▶ **THE PROBLEM**: Present each line of the entries below that holds the word "ultimately".

Collected data:
(* Let $d\geq 3$ and let $(M,g)$ be the Kasner spacetime $M=(0,\infty)\times\mathbb{R}^d$, $g=-dt^2+\sum_{i=1}^d t^{2p_i}\,dx_i^2$, with $\sum_i p_i=1$, $\sum_i p_i^2=1$ and at least one $p_i<0$. For every $\varepsilon>0$ there exists $T>0$ such that for every timelike curve $\gamma=(\gamma_t,\underline{\gamma}_1,\dots,\underline{\gamma}_d):I\to M$ for which there is some $s_0\in I$ with $\gamma_t(s_0)<T$, and for all $i\in\{1,\dots,d\}$ and all $s,\tilde s\in\gamma_t^{-1}((0,T])$, one has $|\underline{\gamma}_i(s)-\underline{\gamma}_i(\tilde s)|<\varepsilon$.
   Context: Points of $M$ are written $(t,x_1,\dots,x_d)$ and a curve $\gamma$ is written in components $\gamma(s)=(\gamma_t(s),\underline{\gamma}_1(s),\dots,\underline{\gamma}_d(s))$. Timelike curves are piecewise smooth with timelike tangents. *)

theory Defs
  imports "HOL-Analysis.Analysis"
begin

definition kasner_g :: "('n::finite \<Rightarrow> real) \<Rightarrow> real \<Rightarrow> real \<Rightarrow> real^'n \<Rightarrow> real" where
  "kasner_g p t v0 v = - (v0^2) + (\<Sum>i\<in>UNIV. t powr (2 * p i) * (v $ i)^2)"

definition kasner_timelike :: "('n::finite \<Rightarrow> real) \<Rightarrow> real \<Rightarrow> real \<Rightarrow> real^'n \<Rightarrow> bool" where
  "kasner_timelike p t v0 v \<longleftrightarrow> kasner_g p t v0 v < 0"

text \<open>I is an interval, gamma is continuous, and off a finite set S of break points it is
  differentiable (one-sided at endpoints of I) with continuous derivative (vt, vx) which is
  timelike; the time orientation of the tangents is consistent along the curve
  (all future directed or all past directed).\<close>

definition kasner_timelike_curve ::
  "('n::finite \<Rightarrow> real) \<Rightarrow> real set \<Rightarrow> (real \<Rightarrow> real) \<Rightarrow> (real \<Rightarrow> real^'n) \<Rightarrow> bool" where
  "kasner_timelike_curve p I gt gx \<longleftrightarrow>
     is_interval I \<and>
     (\<forall>s\<in>I. 0 < gt s) \<and>
     continuous_on I gt \<and> continuous_on I gx \<and>
     (\<exists>S vt vx. finite S \<and>
        continuous_on (I - S) vt \<and> continuous_on (I - S) vx \<and>
        (\<exists>\<sigma>::real. (\<sigma> = 1 \<or> \<sigma> = -1) \<and>
          (\<forall>s\<in>I - S.
             (gt has_real_derivative vt s) (at s within I) \<and>
             (gx has_vector_derivative vx s) (at s within I) \<and>
             kasner_timelike p (gt s) (vt s) (vx s) \<and>
             0 < \<sigma> * vt s)))"

end

theory Submission
  imports Defs
begin

text \<open>Along an axis with exponent \<open>q < 1\<close> a timelike tangent satisfies \<open>|dx/dt| < t\<^sup>-\<^sup>q\<close>, so with
  \<open>h = horizon q\<close>, the primitive of \<open>t\<^sup>-\<^sup>q\<close> vanishing at the singularity, both \<open>\<sigma> h(t) + x\<close> and
  \<open>\<sigma> h(t) - x\<close> are nondecreasing along the curve (\<open>\<sigma>\<close> its time orientation). Hence the coordinate
  displacement between two instants is at most \<open>|h(t\<^sub>1) - h(t\<^sub>2)|\<close>, which is small once both
  times are, as \<open>h \<ge> 0\<close> tends to \<open>0\<close> at \<open>t = 0\<close>.\<close>

lemma DERIV_nonneg_imp_nondecreasing_off_finite:
  fixes f :: "real \<Rightarrow> real"
  assumes I: "is_interval I" and cont: "continuous_on I f" and S: "finite S"
    and deriv: "\<And>x. x \<in> I - S \<Longrightarrow> (f has_real_derivative f' x) (at x within I)"
    and nonneg: "\<And>x. x \<in> I - S \<Longrightarrow> 0 \<le> f' x"
    and a: "a \<in> I" and b: "b \<in> I" and ab: "a \<le> b"
  shows "f a \<le> f b"
proof -
  have sub: "{a..b} \<subseteq> I"
    using I a b by (metis atLeastAtMost_iff is_interval_1 subsetI)
  define g where "g x = (if x \<in> {a<..<b} - S then f' x else 0)" for x
  have "(g has_integral (f b - f a)) {a..b}"
  proof (rule fundamental_theorem_of_calculus_interior_strong[OF S ab])
    fix x assume x: "x \<in> {a<..<b} - S"
    then have "x \<in> interior {a..b}"
      by simp
    then have "x \<in> interior I"
      using sub interior_mono by blast
    moreover have "x \<in> I - S"
      using x sub by auto
    ultimately have "(f has_real_derivative f' x) (at x)"
      using deriv at_within_interior by metis
    then show "(f has_vector_derivative g x) (at x)"
      using x by (simp add: g_def has_real_derivative_iff_has_vector_derivative)
  next
    show "continuous_on {a..b} f"
      using cont sub continuous_on_subset by blast
  qed
  moreover have "0 \<le> g x" for x
    using nonneg[of x] sub by (simp add: g_def subset_iff)
  ultimately have "0 \<le> f b - f a"
    by (rule has_integral_nonneg)
  then show ?thesis
    by simp
qed

lemma exponent_less_one_if_negative_exponent:
  fixes p :: "'a::finite \<Rightarrow> real"
  assumes squares: "(\<Sum>j\<in>UNIV. (p j)^2) = 1" and neg: "p k < 0"
  shows "p i < 1"
proof (rule ccontr)
  assume "\<not> p i < 1"
  then have "1 \<le> (p i)^2" and "i \<noteq> k"
    using neg by (auto simp: one_le_power)
  moreover have "(p i)^2 + (p k)^2 \<le> (\<Sum>j\<in>UNIV. (p j)^2)"
    using sum_mono2[of UNIV "{i, k}" "\<lambda>j. (p j)^2"] \<open>i \<noteq> k\<close> by simp
  moreover have "0 < (p k)^2"
    using neg by simp
  ultimately show False
    using squares by linarith
qed

lemma kasner_timelike_spatial_speed_bound:
  fixes p :: "'n::finite \<Rightarrow> real"
  assumes timelike: "kasner_timelike p t v0 v" and t: "0 < t"
  shows "\<bar>v $ i\<bar> < t powr (- p i) * \<bar>v0\<bar>"
proof -
  have "(t powr p i * \<bar>v $ i\<bar>)^2 = t powr (2 * p i) * (v $ i)^2"
    by (simp add: power2_eq_square powr_add[symmetric] mult_ac)
  also have "\<dots> \<le> (\<Sum>j\<in>UNIV. t powr (2 * p j) * (v $ j)^2)"
    by (rule member_le_sum) auto
  also have "\<dots> < \<bar>v0\<bar>^2"
    using timelike by (simp add: kasner_timelike_def kasner_g_def)
  finally have "t powr p i * \<bar>v $ i\<bar> < \<bar>v0\<bar>"
    by (rule power2_less_imp_less) simp
  then show ?thesis
    using t by (simp add: powr_minus_divide field_simps)
qed

text \<open>The comoving particle horizon: the coordinate distance light travels along an axis with
  exponent \<open>q\<close> between the singularity and time \<open>t\<close>.\<close>

definition horizon :: "real \<Rightarrow> real \<Rightarrow> real" where
  "horizon q t = t powr (1 - q) / (1 - q)"

lemma has_real_derivative_horizon:
  assumes "q < 1" and "0 < t"
  shows "(horizon q has_real_derivative t powr (- q)) (at t)"
proof -
  have "((\<lambda>t. t powr (1 - q)) has_real_derivative (1 - q) * t powr (1 - q - 1)) (at t)"
    using assms by (intro has_real_derivative_powr) auto
  then have "(horizon q has_real_derivative (1 - q) * t powr (1 - q - 1) / (1 - q)) (at t)"
    unfolding horizon_def by (rule DERIV_cdivide)
  then show ?thesis
    using assms by simp
qed

lemma horizon_nonneg: "q < 1 \<Longrightarrow> 0 \<le> horizon q t"
  by (simp add: horizon_def)

lemma horizon_tendsto_zero: "q < 1 \<Longrightarrow> (horizon q \<longlongrightarrow> 0) (at_right 0)"
  unfolding horizon_def
  by (auto intro!: tendsto_eq_intros tendsto_zero_powrI eventually_at_rightI[of 0 1])

lemma horizon_small_near_zero:
  fixes p :: "'a::finite \<Rightarrow> real"
  assumes "\<And>i. p i < 1" and "0 < \<epsilon>"
  shows "\<exists>T>0. \<forall>i. \<forall>t\<in>{0<..T}. horizon (p i) t < \<epsilon>"
proof -
  have "\<forall>\<^sub>F t in at_right 0. \<forall>i. horizon (p i) t < \<epsilon>"
    using horizon_tendsto_zero[OF assms(1)] assms(2) by (intro eventually_all_finite order_tendstoD)
  then obtain b where "0 < b" and "\<And>t i. 0 < t \<Longrightarrow> t < b \<Longrightarrow> horizon (p i) t < \<epsilon>"
    by (auto simp: eventually_at_right_field)
  then show ?thesis
    by (intro exI[of _ "b / 2"]) auto
qed

lemma kasner_timelike_curve_coordinate_increment:
  fixes p :: "'n::finite \<Rightarrow> real"
  assumes q: "p i < 1" and curve: "kasner_timelike_curve p I gt gx"
    and s: "s \<in> I" and s': "s' \<in> I" and ss': "s \<le> s'"
  shows "\<bar>gx s' $ i - gx s $ i\<bar> \<le> \<bar>horizon (p i) (gt s') - horizon (p i) (gt s)\<bar>"
proof -
  let ?h = "\<lambda>s. horizon (p i) (gt s)"
  from curve obtain S vt vx \<sigma> where I: "is_interval I" and pos: "\<forall>s\<in>I. 0 < gt s"
    and cont: "continuous_on I gt" "continuous_on I gx" and S: "finite S"
    and \<sigma>: "\<sigma> = 1 \<or> \<sigma> = -1"
    and tangent: "\<forall>s\<in>I - S. (gt has_real_derivative vt s) (at s within I) \<and>
       (gx has_vector_derivative vx s) (at s within I) \<and>
       kasner_timelike p (gt s) (vt s) (vx s) \<and> 0 < \<sigma> * vt s"
    unfolding kasner_timelike_curve_def by blast
  have "\<sigma> * ?h s + c * gx s $ i \<le> \<sigma> * ?h s' + c * gx s' $ i" if c: "c \<in> {1, -1}" for c
  proof (rule DERIV_nonneg_imp_nondecreasing_off_finite[OF I _ S _ _ s s' ss'])
    show "continuous_on I (\<lambda>s. \<sigma> * ?h s + c * gx s $ i)"
      unfolding horizon_def using pos q
      by (intro continuous_intros cont) auto
  next
    fix x assume "x \<in> I - S"
    then have t: "0 < gt x"
      and dt: "(gt has_real_derivative vt x) (at x within I)"
      and dx: "(gx has_vector_derivative vx x) (at x within I)"
      and timelike: "kasner_timelike p (gt x) (vt x) (vx x)" and oriented: "0 < \<sigma> * vt x"
      using pos tangent by auto
    have "((\<lambda>s. gx s $ i) has_real_derivative vx x $ i) (at x within I)"
      unfolding has_real_derivative_iff_has_vector_derivative
      using bounded_linear.has_vector_derivative[OF bounded_linear_vec_nth dx] .
    moreover have "(?h has_real_derivative gt x powr (- p i) * vt x) (at x within I)"
      using DERIV_chain2[OF has_real_derivative_horizon[OF q t] dt] by simp
    ultimately show "((\<lambda>s. \<sigma> * ?h s + c * gx s $ i) has_real_derivative
        \<sigma> * (gt x powr (- p i) * vt x) + c * vx x $ i) (at x within I)"
      by (intro DERIV_add DERIV_cmult)
    have "\<bar>vx x $ i\<bar> < gt x powr (- p i) * \<bar>vt x\<bar>"
      using kasner_timelike_spatial_speed_bound[OF timelike t] .
    moreover have "\<sigma> * (gt x powr (- p i) * vt x) = gt x powr (- p i) * \<bar>vt x\<bar>"
      using \<sigma> oriented by auto
    moreover have "- \<bar>vx x $ i\<bar> \<le> c * vx x $ i"
      using c by auto
    ultimately show "0 \<le> \<sigma> * (gt x powr (- p i) * vt x) + c * vx x $ i"
      by linarith
  qed
  from this[of 1] this[of "-1"] have "\<bar>gx s' $ i - gx s $ i\<bar> \<le> \<sigma> * (?h s' - ?h s)"
    by (simp add: algebra_simps abs_le_iff)
  then show ?thesis
    using \<sigma> by auto
qed

lemma kasner_timelike_curve_coordinate_dist:
  fixes p :: "'n::finite \<Rightarrow> real"
  assumes "p i < 1" and "kasner_timelike_curve p I gt gx" and "s \<in> I" and "s' \<in> I"
  shows "\<bar>gx s $ i - gx s' $ i\<bar> \<le> \<bar>horizon (p i) (gt s) - horizon (p i) (gt s')\<bar>"
  using kasner_timelike_curve_coordinate_increment[OF assms]
    kasner_timelike_curve_coordinate_increment[OF assms(1,2,4,3)]
  by (cases "s \<le> s'") (auto simp: abs_minus_commute)

lemma kasner_timelike_curve_coordinate_dist_less:
  fixes p :: "'n::finite \<Rightarrow> real"
  assumes q: "p i < 1" and "kasner_timelike_curve p I gt gx" and "s \<in> I" and "s' \<in> I"
    and "horizon (p i) (gt s) < \<epsilon>" and "horizon (p i) (gt s') < \<epsilon>"
  shows "\<bar>gx s $ i - gx s' $ i\<bar> < \<epsilon>"
  using kasner_timelike_curve_coordinate_dist[OF assms(1-4)] assms(5,6)
    horizon_nonneg[OF q, of "gt s"] horizon_nonneg[OF q, of "gt s'"]
  by linarith

theorem lemma3p6:
  fixes p :: "'n::finite \<Rightarrow> real"
  assumes "CARD('n) \<ge> 3"
    and "(\<Sum>i\<in>UNIV. p i) = 1"
    and "(\<Sum>i\<in>UNIV. (p i)^2) = 1"
    and "\<exists>i. p i < 0"
  shows "\<forall>\<epsilon>>0. \<exists>T>0. \<forall>(I::real set) gt (gx::real \<Rightarrow> real^'n).
           kasner_timelike_curve p I gt gx \<and> (\<exists>s0\<in>I. gt s0 < T) \<longrightarrow>
           (\<forall>i. \<forall>s\<in>I. \<forall>s'\<in>I. gt s \<in> {0<..T} \<and> gt s' \<in> {0<..T} \<longrightarrow>
              \<bar>gx s $ i - gx s' $ i\<bar> < \<epsilon>)"
proof (intro allI impI)
  fix \<epsilon> :: real assume "0 < \<epsilon>"
  have q: "p i < 1" for i
    using assms(3,4) exponent_less_one_if_negative_exponent by blast
  then obtain T where "0 < T" and small: "\<forall>i. \<forall>t\<in>{0<..T}. horizon (p i) t < \<epsilon>"
    using horizon_small_near_zero \<open>0 < \<epsilon>\<close> by blast
  show "\<exists>T>0. \<forall>(I::real set) gt (gx::real \<Rightarrow> real^'n).
      kasner_timelike_curve p I gt gx \<and> (\<exists>s0\<in>I. gt s0 < T) \<longrightarrow>
      (\<forall>i. \<forall>s\<in>I. \<forall>s'\<in>I. gt s \<in> {0<..T} \<and> gt s' \<in> {0<..T} \<longrightarrow>
         \<bar>gx s $ i - gx s' $ i\<bar> < \<epsilon>)"
  proof (intro exI[of _ T] conjI allI impI ballI \<open>0 < T\<close>)
    fix I gt i s s' and gx :: "real \<Rightarrow> real^'n"
    assume curve: "kasner_timelike_curve p I gt gx \<and> (\<exists>s0\<in>I. gt s0 < T)"
      and s: "s \<in> I" and s': "s' \<in> I" and times: "gt s \<in> {0<..T} \<and> gt s' \<in> {0<..T}"
    show "\<bar>gx s $ i - gx s' $ i\<bar> < \<epsilon>"
    proof (rule kasner_timelike_curve_coordinate_dist_less[where p = p and i = i,
          OF q conjunct1[OF curve] s s'])
      show "horizon (p i) (gt s) < \<epsilon>" and "horizon (p i) (gt s') < \<epsilon>"
        using small times by simp_all
    qed
  qed
qed

end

▶ **EXERCISE RESULT**:
    ultimately have "(f has_real_derivative f' x) (at x)"
  ultimately have "0 \<le> f b - f a"
  ultimately show False
    ultimately show "((\<lambda>s. \<sigma> * ?h s + c * gx s $ i) has_real_derivative
    ultimately show "0 \<le> \<sigma> * (gt x powr (- p i) * vt x) + c * vx x $ i"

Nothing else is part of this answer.